Now, Nick Cave & The Bad Seeds have confirmed they’ll play Preston Park on July 31 next year, marking their only UK headline show of 2026. “I am thrilled beyond words to return to my beloved Brighton with The Bad Seeds to play Preston Park,” Cave said of the upcoming gig. “It’s a homecoming! It’s going to be big, bad and beautiful. An epic show!!!”
The fan pre-sale kicks off next Thursday (September 25), and you can visit here to register for access. Alternatively, tickets go on general sale the following day (September 26) – you can find your tickets here.
The official announcement of the gig follows news of a homecoming for the Australian artist in support of the Bad Seeds’ acclaimed 2024 album ‘Wild God’.
The shows kick off in January 2025, and will see Cave and co. head to outdoor venues in Sydney, Melbourne, Perth and Brisbane, as well as indoor shows in Adelaide and Wellington, New Zealand, marking their first Australian and New Zealand tour in nine years.
In a four-star review of ‘Wild God’, NME shared: “Bad Seeds records are infamously loaded with gothic doom and gloom. Of course, this ain’t a poptastic LOLfest, and still coloured with the many shades of a life so challenging and weathered.
“But never has Cave been so freewheelin’ than on the giddy ‘Frogs’, “Jumping for love and the opening sky above” as “Kris Kristofferson walks by kicking a can in a shirt he hasn’t washed for years“. With a lust for life, the once-dark prince is letting the light in.”
Nick Cave & The Bad Seeds’ Preston Park gig poster.

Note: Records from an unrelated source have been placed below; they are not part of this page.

lemma length_wpow: "length (wpow x t) = t * length x"
  by (induction t) (simp_all add: wpow_def)

lemma nth_wpow: "k < t * length x \<Longrightarrow> wpow x t ! k = x ! (k mod length x)"
proof (induction t arbitrary: k)
  case (Suc t)
  then show ?case
    by (cases "k < length x") (simp_all add: wpow_def nth_append le_mod_geq)
qed simp

lemma take_length_wpow: "1 \<le> t \<Longrightarrow> take (length x) (wpow x t) = x"
  by (cases t) (simp_all add: wpow_def)

lemma root_eqI:
  assumes "is_root x u"
  shows "root u = x"
  unfolding root_def
proof (rule the_equality)
  fix x' assume "is_root x' u"
  then obtain t' where t': "1 \<le> t'" "u = wpow x' t'" "length x' \<le> length x"
    using assms unfolding is_root_def by blast
  obtain t where t: "1 \<le> t" "u = wpow x t" "length x \<le> length x'"
    using assms \<open>is_root x' u\<close> unfolding is_root_def by blast
  have "length x' = length x"
    using t(3) t'(3) by simp
  then have "x' = take (length x) u"
    by (metis t'(1,2) take_length_wpow)
  also have "\<dots> = x"
    by (metis t(1,2) take_length_wpow)
  finally show "x' = x" .
qed (fact assms)

lemma periodic_if_map_upt_eq_wpow:
  assumes per: "\<And>k. s (k + l) = s k" and "0 < l" and u: "map s [0..<l] = wpow y t"
  shows "s (k + length y) = s k"
proof -
  have l: "l = t * length y"
    using arg_cong[OF u, of length] by (simp add: length_wpow)
  have "s k = y ! (k mod length y)" for k
  proof -
    have "s k = map s [0..<l] ! (k mod l)"
      using periodic_mod[of s l, OF per] \<open>0 < l\<close> by simp
    also have "\<dots> = y ! (k mod l mod length y)"
      unfolding u using \<open>0 < l\<close> l by (intro nth_wpow) simp
    also have "\<dots> = y ! (k mod length y)"
      using l by (simp add: mod_mod_cancel)
    finally show ?thesis .
  qed
  then show ?thesis
    by simp
qed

CREDIT: PRESS
Speaking to NME about the creation of the album and working with Cave, Bad Seeds member and the frontman’s frequent collaborator Warren Ellis shared: “When we sat down at the start of last year, we’d just done a big festival run, the Bad Seeds were back together, and we’d played these really transcendental shows – they were really ecstatic at times. There was a real feeling that we wanted the music to move in that way. It’s really been driven by how Nick has been feeling.”

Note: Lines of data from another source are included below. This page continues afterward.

lemma vertex_colour_neq_Suc:
  assumes "i < n" shows "vertex_colour i \<noteq> vertex_colour (Suc i mod n)"
proof (cases "i = n - 1")
  case True
  then have "Suc i mod n = 0" using three_le by simp
  then show ?thesis using True three_le thue_ternary_less[of 0] unfolding vertex_colour_def by simp
next
  case False
  then show ?thesis using assms thue_ternary_less[of i] square_free_Suc_neq[OF square_free_thue_ternary, of i]
    by (auto simp: vertex_colour_def mod_Suc)
qed

lemma vertex_colour_eq_edge_colour:
  "vertex_colour a = edge_colour b \<Longrightarrow> vertex_colour a = 3 \<or> vertex_colour a = closing_colour"
  using thue_ternary_less[of a] rotated_colour[of closing_colour "thue_ternary b"]
  unfolding vertex_colour_def edge_colour_def by (auto split: if_splits)

lemma length_arc [simp]: "length (arc i L) = L"
  by (simp add: arc_def)

lemma arc_nth: "j < L \<Longrightarrow> arc i L ! j = f ((i + j) mod n)"
  by (simp add: arc_def)

lemma ce_arc: "Suc j < L \<Longrightarrow> ce {arc i L ! j, arc i L ! Suc j} = edge_colour ((i + j) mod n)"
  using ce_edge[of "(i + j) mod n"] three_le by (simp add: arc_nth mod_Suc_eq)

lemma arc_colour_sequences:
  fixes i L :: nat
  defines "vc \<equiv> \<lambda>j. vertex_colour ((i + j) mod n)" and "ec \<equiv> \<lambda>j. edge_colour ((i + j) mod n)"
  shows "map cv (arc i L) = map vc [0..<L]"
    and "edge_seq ce (arc i L) = map ec [0..<L - 1]"
    and "0 < L \<Longrightarrow> total_seq cv ce (arc i L) = map (interleave vc ec) [0..<2 * L - 1]"
proof -
  have cv_arc: "cv (arc i L ! j) = vc j" if "j < L" for j
    using that three_le by (simp add: cv_def vc_def arc_nth)
  show "map cv (arc i L) = map vc [0..<L]"
    by (rule nth_equalityI) (simp_all add: cv_arc)
  show "edge_seq ce (arc i L) = map ec [0..<L - 1]"
    unfolding edge_seq_eq_map by (rule nth_equalityI) (simp_all add: ce_arc ec_def)
  assume "0 < L"
  then have "arc i L \<noteq> []" by (metis length_arc length_greater_0_conv)
  have ce_arc_odd: "ce {arc i L ! (m div 2), arc i L ! Suc (m div 2)} = ec (m div 2)"
    if "odd m" "m < 2 * L - 1" for m
    using that ce_arc[of "m div 2" L i] unfolding ec_def by presburger
  then show "total_seq cv ce (arc i L) = map (interleave vc ec) [0..<2 * L - 1]"
    unfolding total_seq_eq_interleave[OF \<open>arc i L \<noteq> []\<close>]
    by (intro nth_equalityI) (auto simp: interleave_def cv_arc ce_arc_odd)
qed

lemma arc_nonrepetitive:
  assumes "0 < L" and "L \<le> n"
  shows "nonrepetitive (total_seq cv ce (arc i L)) \<and> nonrepetitive (map cv (arc i L)) \<and>
    nonrepetitive (edge_seq ce (arc i L))"
proof -
  define vc where "vc j = vertex_colour ((i + j) mod n)" for j
  define ec where "ec j = edge_colour ((i + j) mod n)" for j
  have "0 < n" using three_le by simp
  have vertices: "nonrepetitive (map vc [0..<L])"
    unfolding vc_def vertex_colour_def
    using nonrepetitive_cyclic_window[OF square_free_thue_ternary _ \<open>L \<le> n\<close>] thue_ternary_less
    by (metis less_irrefl_nat)
  have "square_free (rotated_colour closing_colour \<circ> thue_ternary)"
    using square_free_comp[OF square_free_thue_ternary] inj_on_rotated_colour[OF closing_colour(1)]
      thue_ternary_less by (metis image_subset_iff inj_on_subset lessThan_iff)
  moreover have "(rotated_colour closing_colour \<circ> thue_ternary) j \<noteq> closing_colour" for j
    using rotated_colour(1)[of closing_colour "thue_ternary j"] closing_colour(1) by simp
  ultimately have edges: "nonrepetitive (map ec [0..<L - 1])"
    unfolding ec_def edge_colour_def using \<open>L \<le> n\<close> by (intro nonrepetitive_cyclic_window) auto
  have adjacent: "interleave vc ec m \<noteq> interleave vc ec (Suc m)" for m
    using vertex_colour_neq_edge_colour edge_colour_neq_vertex_colour_Suc[of "(i + m div 2) mod n"] \<open>0 < n\<close>
    by (cases "even m") (auto simp: interleave_def vc_def ec_def mod_Suc_eq)
  have "vc a \<noteq> vc (Suc a)" for a
    using vertex_colour_neq_Suc[of "(i + a) mod n"] \<open>0 < n\<close> by (simp add: vc_def mod_Suc_eq)
  moreover have "vc a = ec b \<Longrightarrow> vc a = 3 \<or> vc a = closing_colour" for a b
    unfolding vc_def ec_def by (rule vertex_colour_eq_edge_colour)
  ultimately have "nonrepetitive (map (interleave vc ec) [0..<2 * L - 1])"
    by (intro nonrepetitive_interleave[OF vertices adjacent])
  then show ?thesis using vertices edges arc_colour_sequences[where i = i and L = L] \<open>0 < L\<close>
    unfolding vc_def ec_def by simp
qed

Meanwhile, Cave has also worked with Warren Ellis are set to score the new television adaptation of his 2009 novel The Death Of Bunny Munro. He also collaborated with The National‘s Bryce Dessner to write a new song for the forthcoming Netflix film Train Dreams.
In other news, Cave recently shared an AI music video to mark 40 years of The Bad Seeds’ ‘Tupelo’, after previously calling the technology “unbelievably disturbing”.